Uses existing data to predict future data points. The timeseries statement must follow a projection statement in your query. Perform any filtering pre-projection or after the timeseries statement.

Usage

timeseries crunches your data and selects the forecasting model that gives the best fit. You can let timeseries select the best model or specify the model you want. timeseries detects seasonality in your data. It considers periodic cycles when predicting what your data will look like in the future. You can specify the type of seasonality or let timeseries choose the best fit.

The amount of data, which is required to make a prediction depends on how your data is filtered and grouped. For example, for a non-seasonal monthly model, 2 data points are sufficient, whereas for a seasonal monthly model, at least 24 data points (two seasonal cycles) are required. If you don't have enough data to make a good prediction, timeseries returns nulls in the data. If no data is passed to timeseries, an empty dataset is returned.

Syntax

1result = timeseries resultSet generate (measure1 as fmeasure1 [, measure2 as fmeasure2...]) with (parameters);

measure1, measure2 and so on are the measures that you want to predict future values for. You can predict measures from grouping queries or from simple values queries. The predicted values and the original values are projected together. The columns from the previous foreach statement are also projected.
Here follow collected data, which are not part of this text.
(* In the setting described in the context, for every $k\in\mathbb N$, \[ \|H^{(k)}-U\|_{L_{2,\pi}\to L_{2,\pi}}\le \beta_k:=\sup_{x\in K}\Big(\int_0^{\rho(x)}\|H_t^k-U_t\|^2_{L_{2,t}\to L_{2,t}}\,\frac{\mathrm dt}{\rho(x)}\Big)^{1/2}. \]
   Context: Let $K\subseteq\mathbb R^d$ be Borel and $\rho:K\to[0,\infty)$ measurable with $0<\int_K\rho\,\mathrm dx<\infty$; $\pi(A)=\int_A\rho\,\mathrm dx/\int_K\rho\,\mathrm dx$. For $t\ge0$, $K(t)=\{x\in K:\rho(x)\ge t\}$, assume $0<\mathrm{vol}_d(K(t))<\infty$ for $t\in(0,\|\rho\|_\infty)$, and $U_t$ is the uniform distribution on $K(t)$. For each $t$, $H_t$ is a Markov kernel on $K(t)$ (extended by $0$ outside $K(t)$, measurable in $(t,x)$), reversible with respect to $U_t$. $L_{2,\pi}=L_2(K,\pi)$, $L_{2,t}=L_2(K(t),U_t)$; $H_t$ acts on $L_{2,t}$ by $H_tf(x)=\int f(y)H_t(x,\mathrm dy)$ and $U_t$ acts by $f\mapsto U_t(f)=\int f\,\mathrm dU_t$ (a constant function). For $k\in\mathbb N$ define $H^{(k)}f(x)=\frac1{\rho(x)}\int_0^{\rho(x)}H_t^kf(x)\,\mathrm dt$ on $L_{2,\pi}$ (so $H^{(1)}=H$ is the hybrid slice sampler), and the simple slice sampler $Uf(x)=\frac1{\rho(x)}\int_0^{\rho(x)}U_t(f)\,\mathrm dt$. *)

theory Defs
  imports "HOL-Probability.Probability"
begin

definition lvl :: "'a set \<Rightarrow> ('a \<Rightarrow> real) \<Rightarrow> real \<Rightarrow> 'a set" where
  "lvl K \<rho> t = {x\<in>K. t \<le> \<rho> x}"

definition unif :: "'a::euclidean_space set \<Rightarrow> ('a \<Rightarrow> real) \<Rightarrow> real \<Rightarrow> 'a measure" where
  "unif K \<rho> t = uniform_measure lborel (lvl K \<rho> t)"

definition normconst :: "'a::euclidean_space set \<Rightarrow> ('a \<Rightarrow> real) \<Rightarrow> real" where
  "normconst K \<rho> = enn2real (\<integral>\<^sup>+x. ennreal (indicator K x * \<rho> x) \<partial>lborel)"

definition target :: "'a::euclidean_space set \<Rightarrow> ('a \<Rightarrow> real) \<Rightarrow> 'a measure" where
  "target K \<rho> = density lborel (\<lambda>x. ennreal (indicator K x * \<rho> x / normconst K \<rho>))"

definition ennsqrt :: "ennreal \<Rightarrow> ennreal" where
  "ennsqrt a = (if a = \<top> then \<top> else ennreal (sqrt (enn2real a)))"

definition l2norm :: "'a measure \<Rightarrow> ('a \<Rightarrow> real) \<Rightarrow> ennreal" where
  "l2norm M f = ennsqrt (\<integral>\<^sup>+x. ennreal ((f x)\<^sup>2) \<partial>M)"

definition opnorm :: "'a measure \<Rightarrow> (('a \<Rightarrow> real) \<Rightarrow> ('a \<Rightarrow> real)) \<Rightarrow> ennreal" where
  "opnorm M A = (SUP f \<in> {f \<in> borel_measurable M. l2norm M f \<le> 1}. l2norm M (A f))"

definition kop :: "('a \<Rightarrow> 'a measure) \<Rightarrow> ('a \<Rightarrow> real) \<Rightarrow> ('a \<Rightarrow> real)" where
  "kop P f = (\<lambda>x. \<integral>y. f y \<partial>(P x))"

definition kpow :: "('a \<Rightarrow> 'a measure) \<Rightarrow> nat \<Rightarrow> ('a \<Rightarrow> real) \<Rightarrow> ('a \<Rightarrow> real)" where
  "kpow P k = (kop P ^^ k)"

definition hybk :: "'a::euclidean_space set \<Rightarrow> ('a \<Rightarrow> real) \<Rightarrow> (real \<Rightarrow> 'a \<Rightarrow> 'a measure) \<Rightarrow> nat
    \<Rightarrow> ('a \<Rightarrow> real) \<Rightarrow> ('a \<Rightarrow> real)" where
  "hybk K \<rho> H k f = (\<lambda>x. (1 / \<rho> x) * set_lebesgue_integral lborel {0..\<rho> x} (\<lambda>t. kpow (H t) k f x))"

definition simple_slice :: "'a::euclidean_space set \<Rightarrow> ('a \<Rightarrow> real) \<Rightarrow> ('a \<Rightarrow> real) \<Rightarrow> ('a \<Rightarrow> real)" where
  "simple_slice K \<rho> f = (\<lambda>x. (1 / \<rho> x) * set_lebesgue_integral lborel {0..\<rho> x} (\<lambda>t. integral\<^sup>L (unif K \<rho> t) f))"

end

theory Submission imports Defs begin

(* Fix f with \<parallel>f\<parallel>_\<pi> \<le> 1 and write D = H^(k) f - U f and G(t,x) = H_t^k f(x) - U_t(f).
   Since \<rho>(x) D(x) = \<integral>_0^\<rho>(x) G(t,x) dt, Cauchy-Schwarz gives \<rho>(x) D(x)^2 \<le> \<integral>_0^\<rho>(x) G(t,x)^2 dt.
   Integrating over K and exchanging the order of integration over the region
   {(t,x). x \<in> K, 0 \<le> t \<le> \<rho>(x)} = {(t,x). t \<ge> 0, x \<in> K(t)} turns the left side into
   Z \<parallel>D\<parallel>_\<pi>^2 (Z the normalising constant) and the right side into \<integral>_0^\<infinity> \<integral>_K(t) G(t,x)^2 dx dt.
   On each level set, \<integral>_K(t) G(t,-)^2 \<le> \<parallel>H_t^k - U_t\<parallel>^2 \<integral>_K(t) f^2; exchanging the integrals back
   bounds everything by \<integral>_K f(x)^2 \<integral>_0^\<rho>(x) \<parallel>H_t^k - U_t\<parallel>^2 dt dx \<le> \<beta>_k^2 Z \<parallel>f\<parallel>_\<pi>^2.

   Three technical points: t \<mapsto> \<parallel>H_t^k - U_t\<parallel> need not be
   measurable, so the per-level estimate is routed through the measurable ratio
   \<integral>_K(t) G^2 / \<integral>_K(t) f^2; reversibility is used only to see that H_t maps U_t-null
   functions to U_t-null functions, which handles levels on which f vanishes; and splitting
   the integral defining H^(k) f(x) needs t \<mapsto> U_t(f) square integrable on the slice, which
   follows from Jensen's inequality. *)

lemma ennsqrt_sq: "(ennsqrt a)\<^sup>2 = a"
proof (cases "a = \<top>")
  case False
  then obtain r where "a = ennreal r" "0 \<le> r" by (cases a) auto
  then show ?thesis by (simp add: ennsqrt_def ennreal_power)
qed (simp add: ennsqrt_def)

lemma ennsqrt_of_sq: "ennsqrt (b\<^sup>2) = b"
proof (cases "b = \<top>")
  case False
  then obtain r where "b = ennreal r" "0 \<le> r" by (cases b) auto
  then show ?thesis by (simp add: ennsqrt_def ennreal_power)
qed (simp add: ennsqrt_def)

lemma ennsqrt_mono: "a \<le> b \<Longrightarrow> ennsqrt a \<le> ennsqrt b"
proof (cases "b = \<top>")
  case False
  assume ab: "a \<le> b"
  obtain r where r: "b = ennreal r" "0 \<le> r" using False by (cases b) auto
  with ab obtain q where "a = ennreal q" "0 \<le> q" "q \<le> r"
    by (cases a) (auto simp: ennreal_le_iff top_unique)
  then show ?thesis using r by (simp add: ennsqrt_def real_sqrt_le_iff)
qed (simp add: ennsqrt_def)

lemma ennsqrt_le_iff: "ennsqrt a \<le> b \<longleftrightarrow> a \<le> b\<^sup>2"
proof
  assume "ennsqrt a \<le> b"
  then have "(ennsqrt a)\<^sup>2 \<le> b\<^sup>2" by (rule power_mono) simp
  then show "a \<le> b\<^sup>2" by (simp add: ennsqrt_sq)
next
  assume "a \<le> b\<^sup>2"
  then have "ennsqrt a \<le> ennsqrt (b\<^sup>2)" by (rule ennsqrt_mono)
  then show "ennsqrt a \<le> b" by (simp add: ennsqrt_of_sq)
qed

lemma l2norm_le_iff: "l2norm M f \<le> b \<longleftrightarrow> (\<integral>\<^sup>+x. ennreal ((f x)\<^sup>2) \<partial>M) \<le> b\<^sup>2"
  unfolding l2norm_def by (rule ennsqrt_le_iff)

lemma ennreal_divide_antimono:
  fixes x a b :: ennreal
  assumes b: "0 < b" and ba: "b \<le> a"
  shows "x / a \<le> x / b"
proof -
  have "inverse a \<le> inverse b"
  proof (cases "a = \<top>")
    case False
    then obtain p where p: "a = ennreal p" "0 \<le> p" by (cases a) auto
    with ba obtain q where q: "b = ennreal q" "0 \<le> q" "q \<le> p" by (cases b) (auto simp: top_unique)
    with b have "0 < q" by auto
    then show ?thesis using p q by (simp add: inverse_ennreal ennreal_leI le_imp_inverse_le)
  qed simp
  then show ?thesis unfolding divide_ennreal_def by (rule mult_left_mono) simp
qed

text \<open>The pointwise bound showing that a square-integrable function is integrable on a set
  of finite measure.\<close>
lemma abs_le_one_plus_square: "\<bar>y::real\<bar> \<le> 1 + y\<^sup>2"
proof (cases "\<bar>y\<bar> \<le> 1")
  case False
  then have "\<bar>y\<bar> * 1 \<le> \<bar>y\<bar> * \<bar>y\<bar>" by (intro mult_left_mono) auto
  then show ?thesis by (simp add: power2_eq_square abs_mult_self_eq)
qed (simp add: add_increasing2)

text \<open>On a set A of finite measure a square-integrable function is integrable and
  (\<integral>_A g)^2 \<le> \<mu>(A) \<integral>_A g^2.  The inequality is the positivity of \<integral>(\<mu>(A) g - (\<integral>_A g) 1_A)^2.\<close>
lemma cauchy_schwarz_set:
  fixes g :: "'b \<Rightarrow> real"
  assumes A: "A \<in> sets M" and fin: "emeasure M A < \<infinity>" and g: "g \<in> borel_measurable M"
    and sq: "(\<integral>\<^sup>+x. indicator A x * ennreal ((g x)\<^sup>2) \<partial>M) < \<infinity>"
  shows "set_integrable M A g"
    and "ennreal ((LINT x:A|M. g x)\<^sup>2) \<le> emeasure M A * (\<integral>\<^sup>+x. indicator A x * ennreal ((g x)\<^sup>2) \<partial>M)"
proof -
  define h where "h x = indicator A x * g x" for x
  have hm: "h \<in> borel_measurable M" unfolding h_def using A g by measurable
  have sq_eq: "indicator A x * ennreal ((g x)\<^sup>2) = ennreal ((h x)\<^sup>2)" for x
    by (cases "x \<in> A") (simp_all add: h_def)
  have h2: "integrable M (\<lambda>x. (h x)\<^sup>2)"
    unfolding integrable_iff_bounded using hm sq by (simp add: sq_eq)
  have ind: "integrable M (indicator A :: _ \<Rightarrow> real)" using A fin by simp
  have hi: "integrable M h"
  proof (rule Bochner_Integration.integrable_bound[OF Bochner_Integration.integrable_add[OF ind h2] hm])
    show "AE x in M. norm (h x) \<le> norm (indicator A x + (h x)\<^sup>2)"
      using abs_le_one_plus_square by (intro AE_I2) (auto simp: h_def split: split_indicator)
  qed
  then show "set_integrable M A g" unfolding set_integrable_def h_def by simp
  define m where "m = measure M A"
  define I where "I = integral\<^sup>L M h"
  define Q where "Q = integral\<^sup>L M (\<lambda>x. (h x)\<^sup>2)"
  have m0: "0 \<le> m" unfolding m_def by simp
  have Q0: "0 \<le> Q" unfolding Q_def by (intro integral_nonneg_AE) simp
  have key: "I\<^sup>2 \<le> m * Q"
  proof (cases "m = 0")
    case True
    then have "emeasure M A = 0" using fin unfolding m_def
      by (simp add: emeasure_eq_ennreal_measure less_top)
    then have "AE x in M. x \<notin> A" using A by (intro AE_not_in) (simp add: null_sets_def)
    then have "AE x in M. h x = 0" by (rule AE_mp) (intro AE_I2, simp add: h_def)
    then have "I = 0" unfolding I_def by (rule integral_eq_zero_AE)
    then show ?thesis using True by simp
  next
    case False
    have expand: "(m * h x - I * indicator A x)\<^sup>2 = m\<^sup>2 * (h x)\<^sup>2 - 2 * m * I * h x + I\<^sup>2 * indicator A x" for x
      by (cases "x \<in> A") (simp_all add: h_def power2_eq_square algebra_simps)
    have "0 \<le> integral\<^sup>L M (\<lambda>x. (m * h x - I * indicator A x)\<^sup>2)"
      by (intro integral_nonneg_AE) simp
    also have "\<dots> = integral\<^sup>L M (\<lambda>x. m\<^sup>2 * (h x)\<^sup>2 - 2 * m * I * h x + I\<^sup>2 * indicator A x)"
      by (simp only: expand)
    also have "\<dots> = m\<^sup>2 * Q - 2 * m * I * I + I\<^sup>2 * m"
      using h2 hi ind A unfolding Q_def I_def m_def
      by (simp add: Bochner_Integration.integral_add Bochner_Integration.integral_diff
          Int_absorb2 sets.sets_into_space)
    finally have "0 \<le> m * (m * Q - I\<^sup>2)" by (simp add: power2_eq_square algebra_simps)
    then show ?thesis using False m0 by (simp add: zero_le_mult_iff)
  qed
  have "(\<integral>\<^sup>+x. indicator A x * ennreal ((g x)\<^sup>2) \<partial>M) = ennreal Q"
    unfolding sq_eq Q_def by (rule nn_integral_eq_integral[OF h2]) simp
  moreover have "emeasure M A = ennreal m" using fin unfolding m_def
    by (simp add: emeasure_eq_ennreal_measure less_top)
  moreover have "(LINT x:A|M. g x) = I" unfolding set_lebesgue_integral_def I_def h_def by simp
  ultimately show "ennreal ((LINT x:A|M. g x)\<^sup>2) \<le> emeasure M A * (\<integral>\<^sup>+x. indicator A x * ennreal ((g x)\<^sup>2) \<partial>M)"
    using key m0 Q0 by (simp add: ennreal_mult[symmetric] ennreal_leI)
qed

lemma jensen_square:
  fixes f :: "'b \<Rightarrow> real"
  assumes M: "prob_space M" and f: "f \<in> borel_measurable M"
  shows "ennreal ((integral\<^sup>L M f)\<^sup>2) \<le> (\<integral>\<^sup>+x. ennreal ((f x)\<^sup>2) \<partial>M)"
proof (cases "(\<integral>\<^sup>+x. ennreal ((f x)\<^sup>2) \<partial>M) < \<infinity>")
  case True
  interpret prob_space M by (rule M)
  have on_space: "(\<integral>\<^sup>+x. indicator (space M) x * ennreal ((f x)\<^sup>2) \<partial>M) = (\<integral>\<^sup>+x. ennreal ((f x)\<^sup>2) \<partial>M)"
    by (intro nn_integral_cong) simp
  have "(LINT x:space M|M. f x) = integral\<^sup>L M f"
    unfolding set_lebesgue_integral_def by (intro Bochner_Integration.integral_cong) simp_all
  with cauchy_schwarz_set(2)[OF sets.top _ f] True show ?thesis
    by (simp add: on_space emeasure_space_1)
qed (simp add: top_unique less_top[symmetric])

lemma nn_integral_square_scale:
  assumes "g \<in> borel_measurable M"
  shows "(\<integral>\<^sup>+y. ennreal ((c * g y)\<^sup>2) \<partial>M) = ennreal (c\<^sup>2) * (\<integral>\<^sup>+y. ennreal ((g y)\<^sup>2) \<partial>M)"
proof -
  have "(\<integral>\<^sup>+y. ennreal ((c * g y)\<^sup>2) \<partial>M) = (\<integral>\<^sup>+y. ennreal (c\<^sup>2) * ennreal ((g y)\<^sup>2) \<partial>M)"
    by (intro nn_integral_cong) (simp add: ennreal_mult[symmetric] power_mult_distrib)
  also have "\<dots> = ennreal (c\<^sup>2) * (\<integral>\<^sup>+y. ennreal ((g y)\<^sup>2) \<partial>M)"
    using assms by (intro nn_integral_cmult) simp
  finally show ?thesis .
qed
parameters can have the following values:
  • length (required) Number of points to predict. For example, if length is 6 and the dateCols type string is Y-M, timeseries predicts data for 6 months.

    If you want to use dateCols but your data stream has missing dates, use fill before using timeseries.

    timeseries makes the most accurate prediction possible by choosing the best algorithm for your data. Predictive algorithms are more accurate for shorter time periods.

    Note

  • dateCols (optional) Date fields to use for grouping the data, plus the date column type string. For example, dateCols=(CloseDate_Year, CloseDate_Month, "Y-M"). Date columns are projected automatically. Allowed values are:
    • YearField, MonthField, "Y-M"
    • YearField, QuarterField, "Y-Q"
    • YearField, "Y"
    • YearField, MonthField, DayField "Y-M-D"
    • YearField, WeekField "Y-W"
  • ignoreLast (optional) If true, timeseries doesn't use the last time period in the calculations. The default is false.

    Set this parameter to true to improve the accuracy of the forecast if the last time period contains incomplete data. For example, if you’re partway through the quarter, timeseries forecasts more accurately if you set this parameter to true.

  • order (optional) Specify the field to use for ordering the data. Mandatory if dateCols isn’t used. By default, this field is sorted in ascending order. Use desc to specify descending order, for example order=('Type' desc). You can also order by multiple fields, for example order=('Type' desc, 'Group' asc).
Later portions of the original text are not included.